text \<open>Resampling coordinate \<open>j\<close> independently of the others leaves the product measure unchanged,
  so one may integrate over \<open>w j\<close> first, with \<open>U w\<close> and \<open>V w\<close> frozen.\<close>
lemma PiM_nn_integral_sq_norm_add_fresh_le:
  fixes U :: "('i \<Rightarrow> 'a) \<Rightarrow> 'v::euclidean_space" and V :: "('i \<Rightarrow> 'a) \<Rightarrow> 'a \<Rightarrow> 'v"
  assumes P: "prob_space P"
    and U_meas[measurable]: "U \<in> borel_measurable (PiM UNIV (\<lambda>_. P))"
    and V_meas[measurable]: "(\<lambda>(w, \<xi>). V w \<xi>) \<in> borel_measurable (PiM UNIV (\<lambda>_. P) \<Otimes>\<^sub>M P)"
    and U_indep: "\<And>w c. U (w(j := c)) = U w"
    and V_indep: "\<And>w c. V (w(j := c)) = V w"
    and V_int: "\<And>w. integrable P (V w)"
    and V_mean: "\<And>w. (\<integral>\<xi>. V w \<xi> \<partial>P) = 0"
  shows "(\<integral>\<^sup>+w. ennreal ((norm (U w + V w (w j)))\<^sup>2) \<partial>PiM UNIV (\<lambda>_. P))
     \<le> (\<integral>\<^sup>+w. ennreal ((norm (U w))\<^sup>2) \<partial>PiM UNIV (\<lambda>_. P))
       + (\<integral>\<^sup>+w. (\<integral>\<^sup>+\<xi>. ennreal ((norm (V w \<xi>))\<^sup>2) \<partial>P) \<partial>PiM UNIV (\<lambda>_. P))"
proof -
  let ?\<Omega> = "PiM UNIV (\<lambda>_::'i. P)"
  interpret P: prob_space P by fact
  interpret \<Omega>: prob_space ?\<Omega> using P by (intro prob_space_PiM)
  interpret P\<Omega>: pair_sigma_finite P ?\<Omega> by unfold_locales
  have resample: "distr (P \<Otimes>\<^sub>M ?\<Omega>) ?\<Omega> (\<lambda>(\<xi>, w). w(j := \<xi>)) = ?\<Omega>"
    using distr_pair_PiM_eq_PiM[of UNIV "\<lambda>_. P" j] P by simp
  have upd_meas: "(\<lambda>(\<xi>, w). w(j := \<xi>)) \<in> measurable (P \<Otimes>\<^sub>M ?\<Omega>) ?\<Omega>"
    using measurable_fun_upd[where J=UNIV and N="P \<Otimes>\<^sub>M ?\<Omega>" and M="\<lambda>_. P" and i=j
        and f=snd and h=fst] by (simp add: split_beta')
  have V_sample_meas: "(\<lambda>w. V w (w j)) \<in> borel_measurable ?\<Omega>"
    using measurable_comp[OF _ V_meas, of "\<lambda>w. (w, w j)"] by (simp add: o_def)
  have V_swap_meas: "(\<lambda>p. V (snd p) (fst p)) \<in> borel_measurable (P \<Otimes>\<^sub>M ?\<Omega>)"
    using measurable_comp[OF _ V_meas, of "\<lambda>p. (snd p, fst p)"] by (simp add: o_def split_beta')
  have V_slice_meas: "V w \<in> borel_measurable P" if "w \<in> space ?\<Omega>" for w
    using measurable_comp[OF _ V_meas, of "\<lambda>\<xi>. (w, \<xi>)"] that by (simp add: o_def)
  have "(\<integral>\<^sup>+w. ennreal ((norm (U w + V w (w j)))\<^sup>2) \<partial>?\<Omega>)
     = (\<integral>\<^sup>+p. ennreal ((norm (U (snd p) + V (snd p) (fst p)))\<^sup>2) \<partial>(P \<Otimes>\<^sub>M ?\<Omega>))"
    by (subst (1) resample[symmetric], subst nn_integral_distr[OF upd_meas])
      (use V_sample_meas in \<open>auto simp: U_indep V_indep split_beta intro!: nn_integral_cong\<close>)
  also have "\<dots> = (\<integral>\<^sup>+w. (\<integral>\<^sup>+\<xi>. ennreal ((norm (U w + V w \<xi>))\<^sup>2) \<partial>P) \<partial>?\<Omega>)"
    using V_swap_meas by (subst P\<Omega>.nn_integral_snd[symmetric]) simp_all
  also have "\<dots> \<le> (\<integral>\<^sup>+w. ennreal ((norm (U w))\<^sup>2) + (\<integral>\<^sup>+\<xi>. ennreal ((norm (V w \<xi>))\<^sup>2) \<partial>P) \<partial>?\<Omega>)"
    by (intro nn_integral_mono nn_integral_sq_norm_add_mean_zero[OF P V_slice_meas V_int V_mean])
  also have "\<dots> = (\<integral>\<^sup>+w. ennreal ((norm (U w))\<^sup>2) \<partial>?\<Omega>)
      + (\<integral>\<^sup>+w. (\<integral>\<^sup>+\<xi>. ennreal ((norm (V w \<xi>))\<^sup>2) \<partial>P) \<partial>?\<Omega>)"
    by (intro nn_integral_add) (auto intro: P.borel_measurable_nn_integral)
  finally show ?thesis .
qed

lemma PiM_nn_integral_sq_norm_add_sum_fresh_le:
  fixes U :: "('i \<Rightarrow> 'a) \<Rightarrow> 'v::euclidean_space" and V :: "('i \<Rightarrow> 'a) \<Rightarrow> 'a \<Rightarrow> 'v"
  assumes P: "prob_space P"
    and U_meas[measurable]: "U \<in> borel_measurable (PiM UNIV (\<lambda>_. P))"
    and V_meas[measurable]: "(\<lambda>(w, \<xi>). V w \<xi>) \<in> borel_measurable (PiM UNIV (\<lambda>_. P) \<Otimes>\<^sub>M P)"
    and inj: "inj_on js {..<n}"
    and U_indep: "\<And>w c i. i < n \<Longrightarrow> U (w(js i := c)) = U w"
    and V_indep: "\<And>w c i. i < n \<Longrightarrow> V (w(js i := c)) = V w"
    and V_int: "\<And>w. integrable P (V w)"
    and V_mean: "\<And>w. (\<integral>\<xi>. V w \<xi> \<partial>P) = 0"
  shows "(\<integral>\<^sup>+w. ennreal ((norm (U w + (\<Sum>i<n. V w (w (js i)))))\<^sup>2) \<partial>PiM UNIV (\<lambda>_. P))
     \<le> (\<integral>\<^sup>+w. ennreal ((norm (U w))\<^sup>2) \<partial>PiM UNIV (\<lambda>_. P))
       + of_nat n * (\<integral>\<^sup>+w. (\<integral>\<^sup>+\<xi>. ennreal ((norm (V w \<xi>))\<^sup>2) \<partial>P) \<partial>PiM UNIV (\<lambda>_. P))"
  using inj U_indep V_indep
proof (induction n)
  case (Suc n)
  let ?\<Omega> = "PiM UNIV (\<lambda>_::'i. P)"
  let ?R = "\<integral>\<^sup>+w. (\<integral>\<^sup>+\<xi>. ennreal ((norm (V w \<xi>))\<^sup>2) \<partial>P) \<partial>?\<Omega>"
  define U' where "U' w = U w + (\<Sum>i<n. V w (w (js i)))" for w
  have "(\<lambda>w. V w (w (js i))) \<in> borel_measurable ?\<Omega>" for i
    using measurable_comp[OF _ V_meas, of "\<lambda>w. (w, w (js i))"] by (simp add: o_def)
  then have U'_meas: "U' \<in> borel_measurable ?\<Omega>"
    unfolding U'_def by measurable
  have U_indep_n: "U (w(js n := c)) = U w" and V_indep_n: "V (w(js n := c)) = V w" for w c
    using Suc.prems(2,3)[OF lessI] by (simp_all add: fun_upd_def)
  have U'_indep: "U' (w(js n := c)) = U' w" for w c
  proof -
    have "js i \<noteq> js n" if "i < n" for i
      using Suc.prems(1) that by (auto simp: inj_on_def)
    then show ?thesis
      unfolding U'_def by (auto simp: U_indep_n V_indep_n intro!: sum.cong)
  qed
  have "(\<integral>\<^sup>+w. ennreal ((norm (U w + (\<Sum>i<Suc n. V w (w (js i)))))\<^sup>2) \<partial>?\<Omega>)
      = (\<integral>\<^sup>+w. ennreal ((norm (U' w + V w (w (js n))))\<^sup>2) \<partial>?\<Omega>)"
    by (simp add: U'_def add.assoc)
  also have "\<dots> \<le> (\<integral>\<^sup>+w. ennreal ((norm (U' w))\<^sup>2) \<partial>?\<Omega>) + ?R"
    by (intro PiM_nn_integral_sq_norm_add_fresh_le[OF P U'_meas V_meas U'_indep V_indep_n V_int V_mean])
  also have "\<dots> \<le> (\<integral>\<^sup>+w. ennreal ((norm (U w))\<^sup>2) \<partial>?\<Omega>) + of_nat n * ?R + ?R"
    unfolding U'_def using Suc.prems by (intro add_right_mono Suc.IH) (auto intro: inj_on_subset)
  finally show ?case
    by (simp add: algebra_simps)
qed simp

[What the task asks] Which lines of the listing contain the word "that"? Copy each of them.

[Task solution]
    using measurable_comp[OF _ V_meas, of "\<lambda>\<xi>. (w, \<xi>)"] that by (simp add: o_def)
      using Suc.prems(1) that by (auto simp: inj_on_def)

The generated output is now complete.